California has experienced a “significant” slowdown in residential home sales activity over the last few months, with numbers down 14 percent from last year. Selma Hepp, senior economist at the California Association of Realtors, discussed the state and local housing market at an event hosted by the Pacific Southwest Association of Realtors on Thursday.
The inventory in San Diego County in January was 2.8 months, Hepp said, adding that a healthy market has about six months of inventory. The number of residential homes sold in San Diego County in January was 2,006 units, down 22.2 percent from December and down 15.9 percent from January 2013, Hepp said. The median price was $409,000, down 2.6 percent from December and up 15.2 percent from January 2013.
First-time homebuyers are continuing to be priced out of the market. The long-run average share of first-time homebuyers is about 38 percent and has decreased to 28 percent. That number reached about 50 percent in 2009 when tax credits were available.
Housing affordability has dropped from about 55 percent in 2012 to 32 percent in 2014. For each percentage point drop, about 120,000 households in the state are unable to qualify for a median-priced home, Hepp said. Between 2012 and 2014, about 2.4 million households were disqualified in California.
Home prices increased 22 percent in California last year, partly due to a change in the units sold.
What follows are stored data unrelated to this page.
(* Let $c_m$ be an arbitrary finite sequence of complex numbers, and suppose $r|b^{\infty}$, meaning all the prime factors dividing $r$ also divide $b$. Then \begin{equation*} \sum_{x \bmod b} \Big| \sum_{m \geq 1} c_m S(rx, m ;br) \Big|^2 = b r^2 \sum_{\substack{y \bmod b \\ (y,b)=1}} \Big| \sum_{m \equiv 0 \bmod r} c_{m} e\Big(\frac{y m/r}{b}\Big) \Big|^2, \end{equation*} where $S(a,b;c)$ denotes the classical Kloosterman sum and $e(x)=e^{2\pi i x}$. *)

theory Defs
  imports "HOL-Analysis.Analysis" "HOL-Computational_Algebra.Primes"
begin

definition e :: "real \<Rightarrow> complex" where
  "e x = exp (2 * of_real pi * \<i> * of_real x)"

text \<open>Classical Kloosterman sum S(a,n;c) = sum over x mod c with (x,c)=1 of
  e((a x + n xbar)/c), where x xbar = 1 mod c. Written as a sum over pairs
  (x, xbar) of residues mod c with x * xbar = 1 mod c (xbar is unique).\<close>
definition kloosterman :: "int \<Rightarrow> int \<Rightarrow> nat \<Rightarrow> complex" where
  "kloosterman a n c =
     (\<Sum>p\<in>{(x, xb). x \<in> {0..<int c} \<and> xb \<in> {0..<int c} \<and> (x * xb) mod int c = 1 mod int c}.
        e (real_of_int (a * fst p + n * snd p) / real c))"

end

theory Submission
  imports Defs "HOL-Number_Theory.Cong"
begin

text \<open>Write \<open>S(rx, m; br)\<close> as the sum of \<open>e(xu/b) e(mv/(br))\<close> over the pairs \<open>(u, v)\<close> of
  residues mod \<open>br\<close> with \<open>uv \<equiv> 1\<close>. Expanding the square and summing over \<open>x mod b\<close>,
  orthogonality keeps only pairs of pairs with \<open>u \<equiv> u' (mod b)\<close>, equivalently \<open>v \<equiv> v' (mod b)\<close>.
  Grouping by the class \<open>y\<close> of \<open>v\<close> mod \<open>b\<close>, each group is a sum of \<open>e(mv/(br))\<close> over the
  units \<open>v\<close> mod \<open>br\<close> lying over \<open>y\<close>. Because every prime factor of \<open>r\<close> divides \<open>b\<close>, these
  are all \<open>r\<close> lifts of \<open>y\<close>, and a second orthogonality relation evaluates the group to
  \<open>r e((m/r) y/b)\<close> if \<open>r | m\<close> and to \<open>0\<close> otherwise.\<close>

lemma e_add: "e (x + y) = e x * e y"
  unfolding e_def by (simp add: distrib_left distrib_right exp_add)

lemma cnj_e: "cnj (e x) = e (- x)"
  unfolding e_def by (simp add: exp_cnj)

lemma e_of_int: "e (of_int k) = 1"
proof -
  have "2 * of_real pi * \<i> * of_real (of_int k) = complex_of_real (2 * real_of_int k * pi) * \<i>"
    by simp
  then show ?thesis
    unfolding e_def using exp_integer_2pi[of "real_of_int k"] by (simp add: ac_simps)
qed

lemma e_power: "e x ^ n = e (real n * x)"
  unfolding e_def by (simp add: exp_of_nat_mult[symmetric] ac_simps)

lemma e_eq_1_imp_Ints: "e x = 1 \<Longrightarrow> x \<in> \<int>"
proof -
  assume "e x = 1"
  then obtain n :: int where "2 * pi * x = of_int (2 * n) * pi"
    unfolding e_def exp_eq_1 by auto
  then show ?thesis by simp
qed
lemma card_separated_words:
  assumes "0 < n"
  shows "card (separated_words n) = 2 * card {(u, w) \<in> separated_words n. acount w < acount u}"
proof -
  let ?G = "{(u, w) \<in> separated_words n. acount w < acount u}"
  have "(w, u) \<in> separated_words n" and "acount u \<noteq> acount w"
    if "(u, w) \<in> separated_words n" for u w
    using that assms prefix_separated_commute[of w u] suffix_separated_commute[of w u]
      suffix_separated_iff[of u w]
    by (auto simp: separated_words_def)
  then have "separated_words n = ?G \<union> prod.swap ` ?G"
    by (auto simp: image_iff) (metis linorder_neqE_nat)
  then have "card (separated_words n) = card (?G \<union> prod.swap ` ?G)"
    by (rule arg_cong)
  also have "\<dots> = card ?G + card (prod.swap ` ?G)"
    by (rule card_Un_disjoint) (auto intro: finite_subset[OF _ finite_separated_words])
  also have "\<dots> = 2 * card ?G"
    by (simp add: card_image)
  finally show ?thesis .
qed

lemma separated_words_acount_less_eq_UN:
  assumes "2 \<le> n"
  shows "{(u, w) \<in> separated_words n. acount w < acount u} =
    (\<Union>r\<^sub>2\<in>{0..n - 2}. \<Union>r\<^sub>1\<in>{r\<^sub>2 + 2..n}. separated_pairs n r\<^sub>1 r\<^sub>2)"
proof (intro set_eqI iffI)
  fix x assume "x \<in> {(u, w) \<in> separated_words n. acount w < acount u}"
  then obtain u w where x: "x = (u, w)" and mem: "(u, w) \<in> separated_words n"
    and less: "acount w < acount u"
    by blast
  have "acount u \<noteq> Suc (acount w)"
    using mem separated_acount_ne_Suc[of w u] assms by (simp add: separated_words_def)
  moreover have "acount u \<le> n"
    using mem count_le_length[of u La] by (simp add: separated_words_def)
  ultimately have "acount w \<in> {0..n - 2}" "acount u \<in> {acount w + 2..n}"
    using less by auto
  moreover have "(u, w) \<in> separated_pairs n (acount u) (acount w)"
    using mem by (simp add: separated_pairs_def separated_words_def)
  ultimately show "x \<in> (\<Union>r\<^sub>2\<in>{0..n - 2}. \<Union>r\<^sub>1\<in>{r\<^sub>2 + 2..n}. separated_pairs n r\<^sub>1 r\<^sub>2)"
    using x by blast
next
  fix x assume "x \<in> (\<Union>r\<^sub>2\<in>{0..n - 2}. \<Union>r\<^sub>1\<in>{r\<^sub>2 + 2..n}. separated_pairs n r\<^sub>1 r\<^sub>2)"
  then obtain r\<^sub>1 r\<^sub>2 where "x \<in> separated_pairs n r\<^sub>1 r\<^sub>2" "r\<^sub>2 < r\<^sub>1"
    by auto
  then show "x \<in> {(u, w) \<in> separated_words n. acount w < acount u}"
    by (auto simp: separated_pairs_def separated_words_def)
qed

lemma card_UN_separated_pairs:
  assumes "finite I" and "\<And>r. finite (J r)"
  shows "card (\<Union>r\<^sub>2\<in>I. \<Union>r\<^sub>1\<in>J r\<^sub>2. separated_pairs n r\<^sub>1 r\<^sub>2) =
    (\<Sum>r\<^sub>2\<in>I. \<Sum>r\<^sub>1\<in>J r\<^sub>2. card (separated_pairs n r\<^sub>1 r\<^sub>2))"
proof -
  have finite_pairs: "finite (separated_pairs n r\<^sub>1 r\<^sub>2)" for r\<^sub>1 r\<^sub>2
    using finite_subset[OF separated_pairs_subset finite_separated_words] .
  have "card (\<Union>r\<^sub>1\<in>J r\<^sub>2. separated_pairs n r\<^sub>1 r\<^sub>2) = (\<Sum>r\<^sub>1\<in>J r\<^sub>2. card (separated_pairs n r\<^sub>1 r\<^sub>2))" for r\<^sub>2
    using assms(2) finite_pairs by (intro card_UN_disjoint) (auto simp: separated_pairs_def)
  moreover have "card (\<Union>r\<^sub>2\<in>I. \<Union>r\<^sub>1\<in>J r\<^sub>2. separated_pairs n r\<^sub>1 r\<^sub>2) =
      (\<Sum>r\<^sub>2\<in>I. card (\<Union>r\<^sub>1\<in>J r\<^sub>2. separated_pairs n r\<^sub>1 r\<^sub>2))"
    using assms finite_pairs by (intro card_UN_disjoint) (auto simp: separated_pairs_def)
  ultimately show ?thesis
    by simp
qed

theorem mainTheorem12:
  fixes n :: nat
  assumes "n \<ge> 2"
  shows "card {(u, v). length u = n \<and> length v = n \<and> MAU u v \<and>
                 (\<exists>c. count_list u c \<noteq> count_list v c)}
       = 2 * (\<Sum>r2 = 0..n - 2. \<Sum>r1 = r2 + 2..n.
               NCount (int r2 - int r1, int r1 - int r2) (0, 0) (int r2, int n - int r2))"
proof -
  have "0 < n"
    using assms by simp
  have "inj_on (\<lambda>(u, w). (u, rev w)) (separated_words n)"
    by (rule inj_onI) auto
  then have "card {(u, v). length u = n \<and> length v = n \<and> MAU u v \<and>
                 (\<exists>c. count_list u c \<noteq> count_list v c)} = card (separated_words n)"
    unfolding MAU_unbalanced_pairs_eq_image[OF \<open>0 < n\<close>] by (rule card_image)
  also have "\<dots> = 2 * card (\<Union>r\<^sub>2\<in>{0..n - 2}. \<Union>r\<^sub>1\<in>{r\<^sub>2 + 2..n}. separated_pairs n r\<^sub>1 r\<^sub>2)"
    using card_separated_words[OF \<open>0 < n\<close>] separated_words_acount_less_eq_UN[OF assms] by simp
  also have "\<dots> = 2 * (\<Sum>r\<^sub>2 = 0..n - 2. \<Sum>r\<^sub>1 = r\<^sub>2 + 2..n. card (separated_pairs n r\<^sub>1 r\<^sub>2))"
    by (simp add: card_UN_separated_pairs)
  finally show ?thesis
    by (simp add: NCount_eq_card_separated_pairs)
qed

end
lemma quantile_less_iff:
  assumes X: "finite_rv X" and u: "0 \<le> u" and b: "b \<in> X ` space PS"
  shows "quantile X u < b \<longleftrightarrow> u < rv_cdf_left X b"
proof -
  let ?V = "X ` space PS"
  let ?L = "{v\<in>?V. v < b}"
  have fin: "finite ?V" using X by (simp add: finite_rv_def)
  have Max_L: "Max ?L \<in> ?L" "rv_cdf_left X b = rv_cdf X (Max ?L)" if "?L \<noteq> {}"
    using Max_in[OF _ that] fin rv_cdf_left_eq_Max_below[OF fin, of b] that by auto
  show ?thesis
  proof
    assume less: "quantile X u < b"
    then have "quantile X u \<in> ?L"
      using quantile_in_range[OF fin] by auto
    then have "?L \<noteq> {}" and "quantile X u \<le> Max ?L"
      using fin by auto
    moreover have "Max ?L < Max ?V"
      using Max_L(1)[OF \<open>?L \<noteq> {}\<close>] Max_ge[OF fin b] by auto
    ultimately show "u < rv_cdf_left X b"
      using quantile_le_iff[OF X u, of "Max ?L"] Max_L(2) by auto
  next
    assume less: "u < rv_cdf_left X b"
    have "?L \<noteq> {}"
    proof
      assume "?L = {}"
      then have "rv_cdf_left X b = 0"
        using rv_cdf_left_eq_Max_below[OF fin, of b] by simp
      with less u show False by simp
    qed
    then have "quantile X u \<le> Max ?L"
      using quantile_le_iff[OF X u] less Max_L(2) by auto
    then show "quantile X u < b"
      using Max_L(1)[OF \<open>?L \<noteq> {}\<close>] by auto
  qed
qed

section \<open>The quantile transform\<close>

definition uniform_on :: "real set \<Rightarrow> (real \<Rightarrow> real) \<Rightarrow> bool" where
  "uniform_on C G \<longleftrightarrow> C \<in> sets PS \<and> (\<forall>s\<in>C. 0 \<le> G s \<and> G s \<le> 1) \<and>
     (\<forall>u\<in>{0..1}. {s\<in>C. G s < u} \<in> sets PS \<and> measure PS {s\<in>C. G s < u} = u * measure PS C)"

lemma measure_quantile_comp_eq:
  assumes X: "finite_rv X" and G: "uniform_on C G"
  shows "measure PS {s\<in>C. quantile X (G s) = b} = rv_pmf X b * measure PS C"
proof (cases "b \<in> X ` space PS")
  case False
  then have no_b: "{s\<in>C. quantile X (G s) = b} = {}" "{s\<in>space PS. X s = b} = {}"
    using quantile_in_range X by (auto simp: finite_rv_def)
  show ?thesis
    unfolding rv_pmf_def no_b by simp
next
  case b: True
  let ?V = "X ` space PS"
  have C: "C \<in> sets PS" and G01: "\<And>s. s \<in> C \<Longrightarrow> 0 \<le> G s \<and> G s \<le> 1"
    and G_less: "\<And>u. 0 \<le> u \<Longrightarrow> u \<le> 1 \<Longrightarrow>
      {s\<in>C. G s < u} \<in> sets PS \<and> measure PS {s\<in>C. G s < u} = u * measure PS C"
    using G by (auto simp: uniform_on_def)
  have fin: "finite ?V" using X by (simp add: finite_rv_def)
  have cdf_bounds: "0 \<le> rv_cdf_left X b" "rv_cdf_left X b \<le> rv_cdf X b" "rv_cdf X b \<le> 1"
    using rv_pmf_eq_rv_cdf_diff[OF X, of b] measure_nonneg[of PS "{s\<in>space PS. X s = b}"]
    by (auto simp: rv_pmf_def rv_cdf_def rv_cdf_left_def)
  define U where "U = {s\<in>C. G s < rv_cdf X b \<or> Max ?V \<le> b}"
  have U: "U \<in> sets PS \<and> measure PS U = rv_cdf X b * measure PS C"
  proof (cases "Max ?V \<le> b")
    case True
    then show ?thesis
      using C rv_cdf_eq_1[OF fin True] by (simp add: U_def sets.Int_space_eq2)
  next
    case False
    then show ?thesis
      using G_less cdf_bounds by (simp add: U_def)
  qed
  have "{s\<in>C. quantile X (G s) = b} = U - {s\<in>C. G s < rv_cdf_left X b}"
    using quantile_le_iff[OF X] quantile_less_iff[OF X _ b] G01
    by (auto simp: U_def order.order_iff_strict)
  moreover have "measure PS (U - {s\<in>C. G s < rv_cdf_left X b}) =
      measure PS U - measure PS {s\<in>C. G s < rv_cdf_left X b}"
    using U G_less cdf_bounds by (intro PS.finite_measure_Diff) (auto simp: U_def)
  ultimately show ?thesis
    using U G_less cdf_bounds rv_pmf_eq_rv_cdf_diff[OF X, of b] by (simp add: left_diff_distrib)
qed
lemma wedge_subset_double_sector:
  assumes "0 < \<alpha>" "\<alpha> < pi/2"
  shows "wedge (tan \<alpha>) \<union> uminus ` wedge (tan \<alpha>) \<subseteq> double_sector \<alpha>"
proof -
  have "z \<in> double_sector \<alpha> \<and> - z \<in> double_sector \<alpha>" if z: "z \<in> wedge (tan \<alpha>)" for z
  proof -
    obtain \<theta> where \<theta>: "\<theta> \<in> {0..\<alpha>}" "z = complex_of_real (cmod z) * cis \<theta>"
      using wedge_polar[OF z assms] by blast
    have "- z = complex_of_real (cmod (- z)) * cis (\<theta> + pi)"
      using \<theta>(2) by (simp add: cis_def complex_eq_iff)
    moreover have "\<theta> + pi \<in> {pi..pi+\<alpha>}" using \<theta>(1) by auto
    ultimately show ?thesis
      using \<theta> unfolding double_sector_def by blast
  qed
  then show ?thesis by blast
qed

lemma has_integral_primitive_along_path:
  fixes k \<Phi> :: "complex \<Rightarrow> complex" and p p' :: "real \<Rightarrow> complex"
  assumes \<Phi>: "\<And>z. z \<in> S \<Longrightarrow> (\<Phi> has_field_derivative k z) (at z within S)"
    and "a \<le> b" and p: "\<And>s. s \<in> {a..b} \<Longrightarrow> (p has_vector_derivative p' s) (at s within {a..b})"
    and "p ` {a..b} \<subseteq> S"
  shows "((\<lambda>s. p' s * k (p s)) has_integral \<Phi> (p b) - \<Phi> (p a)) {a..b}"
proof -
  have "((\<lambda>s. p' s * k (p s)) has_integral (\<Phi> \<circ> p) b - (\<Phi> \<circ> p) a) {a..b}"
  proof (rule fundamental_theorem_of_calculus[OF \<open>a \<le> b\<close>])
    fix s assume s: "s \<in> {a..b}"
    have "(\<Phi> has_field_derivative k (p s)) (at (p s) within p ` {a..b})"
      using \<Phi> \<open>p ` {a..b} \<subseteq> S\<close> s by (blast intro: DERIV_subset)
    then show "((\<Phi> \<circ> p) has_vector_derivative p' s * k (p s)) (at s within {a..b})"
      by (rule field_vector_diff_chain_within[OF p[OF s]])
  qed
  then show ?thesis by simp
qed

lemma integral_atLeastAtMost_tendsto_set_integral:
  fixes f :: "real \<Rightarrow> 'a::euclidean_space"
  assumes "set_integrable lborel {a..} f"
  shows "((\<lambda>R. integral {a..R} f) \<longlongrightarrow> (LINT s:{a..}|lborel. f s)) at_top"
proof -
  have "((\<lambda>R. LINT s:{a..R}|lborel. f s) \<longlongrightarrow> (LINT s:{a..}|lborel. f s)) at_top"
    by (rule tendsto_set_lebesgue_integral_at_top[OF _ assms]) auto
  moreover have "(LINT s:{a..R}|lborel. f s) = integral {a..R} f" for R
    by (rule set_borel_integral_eq_integral) (rule set_integrable_subset[OF assms], auto)
  ultimately show ?thesis by simp
qed

lemma set_integral_symmetric_interval_tendsto:
  fixes f :: "real \<Rightarrow> 'a::{banach, second_countable_topology}"
  assumes f: "integrable lborel f"
  shows "((\<lambda>R. LINT y:{-R..R}|lborel. f y) \<longlongrightarrow> (LINT y|lborel. f y)) at_top"
  unfolding set_lebesgue_integral_def
proof (rule integral_dominated_convergence_at_top[where w="\<lambda>y. norm (f y)"])
  show "f \<in> borel_measurable lborel" "integrable lborel (\<lambda>y. norm (f y))"
    using f by auto
  then show "(\<lambda>y. indicator {-R..R} y *\<^sub>R f y) \<in> borel_measurable lborel" for R
    by simp
  show "AE y in lborel. ((\<lambda>R. indicator {-R..R} y *\<^sub>R f y) \<longlongrightarrow> f y) at_top"
  proof (intro AE_I2 tendsto_eventually)
    fix y :: real
    show "\<forall>\<^sub>F R in at_top. indicator {-R..R} y *\<^sub>R f y = f y"
      using eventually_ge_at_top[of "\<bar>y\<bar>"] by eventually_elim (auto simp: indicator_def)
  qed
  show "\<forall>\<^sub>F R in at_top. AE y in lborel. norm (indicator {-R..R} y *\<^sub>R f y) \<le> norm (f y)"
    by (intro always_eventually allI AE_I2) (auto simp: indicator_def)
qed

lemma integrable_gaussian:
  assumes "0 < (\<epsilon>::real)"
  shows "integrable lborel (\<lambda>y::real. exp (- \<epsilon> * y\<^sup>2))"
proof -
  define \<sigma> where "\<sigma> = sqrt (1 / (2 * \<epsilon>))"
  have \<sigma>: "\<sigma>\<^sup>2 = 1 / (2 * \<epsilon>)" "0 < \<sigma>" using assms by (simp_all add: \<sigma>_def)
  then have "(\<lambda>y. exp (- \<epsilon> * y\<^sup>2)) = (\<lambda>y. sqrt (pi / \<epsilon>) * normal_density 0 \<sigma> y)"
    using assms by (simp add: normal_density_def real_sqrt_divide mult.commute)
  then show ?thesis using \<sigma>(2) by simp
qed

lemma quadratic_le_linear:
  fixes a b s :: real assumes "0 < a"
  shows "b * s - a * s\<^sup>2 \<le> (b + 1)\<^sup>2 / (4 * a) - s"
proof -
  have "0 \<le> a * (s - (b + 1) / (2 * a))\<^sup>2" using assms by simp
  also have "\<dots> = a * s\<^sup>2 - (b + 1) * s + (b + 1)\<^sup>2 / (4 * a)"
    using assms by (simp add: field_simps power2_eq_square)
  finally show ?thesis by (simp add: algebra_simps)
qed

lemma set_integrable_exp_neg: "set_integrable lborel {0::real..} (\<lambda>s. exp (- s))"
proof -
  have "(\<lambda>s. exp (- 1 * s)) integrable_on {0::real..}"
    by (rule integrable_on_exp_minus_to_infinity) simp
  then have "(\<lambda>s::real. exp (- s)) absolutely_integrable_on {0..}"
    by (intro nonnegative_absolutely_integrable_1) auto
  then show ?thesis
    unfolding set_integrable_def by (subst (asm) integrable_completion) auto
qed

definition ray_integral :: "real \<Rightarrow> (complex \<Rightarrow> complex) \<Rightarrow> complex" where
  "ray_integral \<tau> k =
     (LINT s:{0..}|lborel. (1 + \<i> * complex_of_real \<tau>) * k (complex_of_real s * (1 + \<i> * complex_of_real \<tau>)))"

locale wedge_decay =
  fixes \<tau> c b M :: real and k :: "complex \<Rightarrow> complex"
  assumes \<tau>_pos: "0 < \<tau>" and c_pos: "0 < c"
    and holomorphic: "k holomorphic_on wedge \<tau>"
    and bound: "\<And>z. z \<in> wedge \<tau> \<Longrightarrow> cmod (k z) \<le> M * exp (b * Im z - c * Re z * Im z)"
begin

lemma M_nonneg: "0 \<le> M"
  using order_trans[OF norm_ge_zero bound[of 0]] by (simp add: wedge_def)

lemma continuous_on_wedge: "continuous_on (wedge \<tau>) k"
  using holomorphic by (rule holomorphic_on_imp_continuous_on)

lemma ray_in_wedge: "0 \<le> s \<Longrightarrow> complex_of_real s * (1 + \<i> * complex_of_real \<tau>) \<in> wedge \<tau>"
  using \<tau>_pos by (simp add: wedge_def)

lemma contour_shift:
  assumes R: "0 \<le> R"
  shows "integral {0..R} (\<lambda>s. k (complex_of_real s)) =
           integral {0..R} (\<lambda>s. (1 + \<i> * complex_of_real \<tau>) * k (complex_of_real s * (1 + \<i> * complex_of_real \<tau>)))
         - integral {0..R*\<tau>} (\<lambda>s. \<i> * k (complex_of_real R + \<i> * complex_of_real s))"
proof -
  obtain \<Phi> where \<Phi>: "\<And>z. z \<in> wedge \<tau> \<Longrightarrow> (\<Phi> has_field_derivative k z) (at z within wedge \<tau>)"
  proof (rule holomorphic_convex_primitive[OF convex_wedge finite.emptyI continuous_on_wedge])
    fix z assume "z \<in> interior (wedge \<tau>) - {}"
    then show "k field_differentiable at z"
      using holomorphic by (metis DiffD1 at_within_interior holomorphic_on_def interior_subset subsetD)
  qed auto
  have real_axis: "((\<lambda>s. 1 * k (complex_of_real s)) has_integral \<Phi> R - \<Phi> (complex_of_real 0)) {0..R}"
    by (rule has_integral_primitive_along_path[OF \<Phi> R, of complex_of_real "\<lambda>_. 1"])
      (use \<tau>_pos in \<open>auto simp: wedge_def intro!: derivative_eq_intros\<close>)
  have ray: "((\<lambda>s. (1 + \<i> * complex_of_real \<tau>) * k (complex_of_real s * (1 + \<i> * complex_of_real \<tau>)))
      has_integral \<Phi> (complex_of_real R * (1 + \<i> * complex_of_real \<tau>))
                   - \<Phi> (complex_of_real 0 * (1 + \<i> * complex_of_real \<tau>))) {0..R}"
    by (rule has_integral_primitive_along_path[OF \<Phi> R])
      (auto simp: ray_in_wedge intro!: derivative_eq_intros)
  have side: "((\<lambda>s. \<i> * k (complex_of_real R + \<i> * complex_of_real s))
      has_integral \<Phi> (complex_of_real R + \<i> * complex_of_real (R*\<tau>))
                   - \<Phi> (complex_of_real R + \<i> * complex_of_real 0)) {0..R*\<tau>}"
    by (rule has_integral_primitive_along_path[OF \<Phi>])
      (use R \<tau>_pos in \<open>auto simp: wedge_def mult.commute[of R \<tau>] intro!: derivative_eq_intros\<close>)
  have "complex_of_real R + \<i> * complex_of_real (R*\<tau>) = complex_of_real R * (1 + \<i> * complex_of_real \<tau>)"
    by (simp add: algebra_simps)
  then show ?thesis
    using integral_unique[OF real_axis] integral_unique[OF ray] integral_unique[OF side] by simp
qed

lemma norm_ray_integrand_le:
  assumes "0 \<le> s"
  shows "cmod ((1 + \<i> * complex_of_real \<tau>) * k (complex_of_real s * (1 + \<i> * complex_of_real \<tau>)))
           \<le> cmod (1 + \<i> * complex_of_real \<tau>) * M * exp ((b * \<tau> + 1)\<^sup>2 / (4 * (c * \<tau>))) * exp (- s)"
proof -
  let ?z = "complex_of_real s * (1 + \<i> * complex_of_real \<tau>)"
  have "b * Im ?z - c * Re ?z * Im ?z = (b * \<tau>) * s - (c * \<tau>) * s\<^sup>2"
    by (simp add: power2_eq_square algebra_simps)
  also have "\<dots> \<le> (b * \<tau> + 1)\<^sup>2 / (4 * (c * \<tau>)) - s"
    using c_pos \<tau>_pos by (intro quadratic_le_linear) simp
  finally have "cmod (k ?z) \<le> M * exp ((b * \<tau> + 1)\<^sup>2 / (4 * (c * \<tau>)) - s)"
    using bound[OF ray_in_wedge[OF assms]] M_nonneg by (meson exp_le_cancel_iff mult_left_mono order_trans)
  also have "exp ((b * \<tau> + 1)\<^sup>2 / (4 * (c * \<tau>)) - s) = exp ((b * \<tau> + 1)\<^sup>2 / (4 * (c * \<tau>))) * exp (- s)"
    by (simp add: mult_exp_exp)
  finally have "cmod (1 + \<i> * complex_of_real \<tau>) * cmod (k ?z) \<le> cmod (1 + \<i> * complex_of_real \<tau>) *
      (M * (exp ((b * \<tau> + 1)\<^sup>2 / (4 * (c * \<tau>))) * exp (- s)))"
    by (rule mult_left_mono) simp
  then show ?thesis
    by (simp add: norm_mult ac_simps)
qed

lemma continuous_on_ray_integrand:
  "continuous_on {0..} (\<lambda>s. (1 + \<i> * complex_of_real \<tau>) * k (complex_of_real s * (1 + \<i> * complex_of_real \<tau>)))"
  by (intro continuous_intros continuous_on_compose2[OF continuous_on_wedge]) (auto simp: ray_in_wedge)

lemma set_integrable_ray:
  "set_integrable lborel {0..} (\<lambda>s. (1 + \<i> * complex_of_real \<tau>) * k (complex_of_real s * (1 + \<i> * complex_of_real \<tau>)))"
proof (rule set_integrable_bound)
  show "set_integrable lborel {0..}
          (\<lambda>s. cmod (1 + \<i> * complex_of_real \<tau>) * M * exp ((b * \<tau> + 1)\<^sup>2 / (4 * (c * \<tau>))) * exp (- s))"
    using set_integrable_exp_neg by (rule set_integrable_mult_right)
  show "set_borel_measurable lborel {0..}
          (\<lambda>s. (1 + \<i> * complex_of_real \<tau>) * k (complex_of_real s * (1 + \<i> * complex_of_real \<tau>)))"
    unfolding set_borel_measurable_def
    using borel_measurable_continuous_on_indicator[OF _ continuous_on_ray_integrand] by simp
qed (use order_trans[OF norm_ray_integrand_le abs_ge_self] in auto)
In 2009, 30 percent of homes sold were equity sales, and that number is up to about 85 percent today. Equity sales, or traditional sales, are typically more expensive than distressed sales.
As traditional sales continue to outweigh distressed sales, Hepp said she expects the share of sellers planning to repurchase to continue to increase.
Hepp forecasts the number of single-family home resales in California to increase to 426,600 in 2014, up 3.2 percent from 413,600 in 2013. The median price of a single-family home is expected to increase 6 percent from $407,100 in 2013 to $431,500, taking the mix of sales out of the equation and returning to “true appreciation,” she said.
She also anticipates the 30-year fixed-rate mortgage rate to increase from 4.1 percent to 5.3 percent. When rates are increased from about 4 percent to 5 percent, the mortgage payment on a median-priced home of $431,510, assuming a 20 percent down payment, increases by $200 and homebuyers need about $9,000 more in income to qualify. The housing affordability index will drop from about 33 percent to 29 percent, equating to about 480,000 households no longer able to qualify.
While home prices are increasing, Hepp said it’s important to note that the market today is unlike the market in 2006.
“Buyers have more skin in the game,” Hepp said.
In 2006, 43.2 percent of buyers had at least a 20 percent down payment, compared to 52.2 percent of buyers today; and the percentage of buyers with zero down payment in 2006 was 21.1 percent, compared to 5.9 percent today.
The percentage of cash buyers has increased from 11 percent in 2006 to 27.4 percent today. The percentage of homebuyers with a second mortgage has fallen from 43.4 percent in 2006 to 2.2 percent today. And the percentage of buyers with an adjustable rate mortgage fell from 32.6 percent in 2006 to 4 percent today.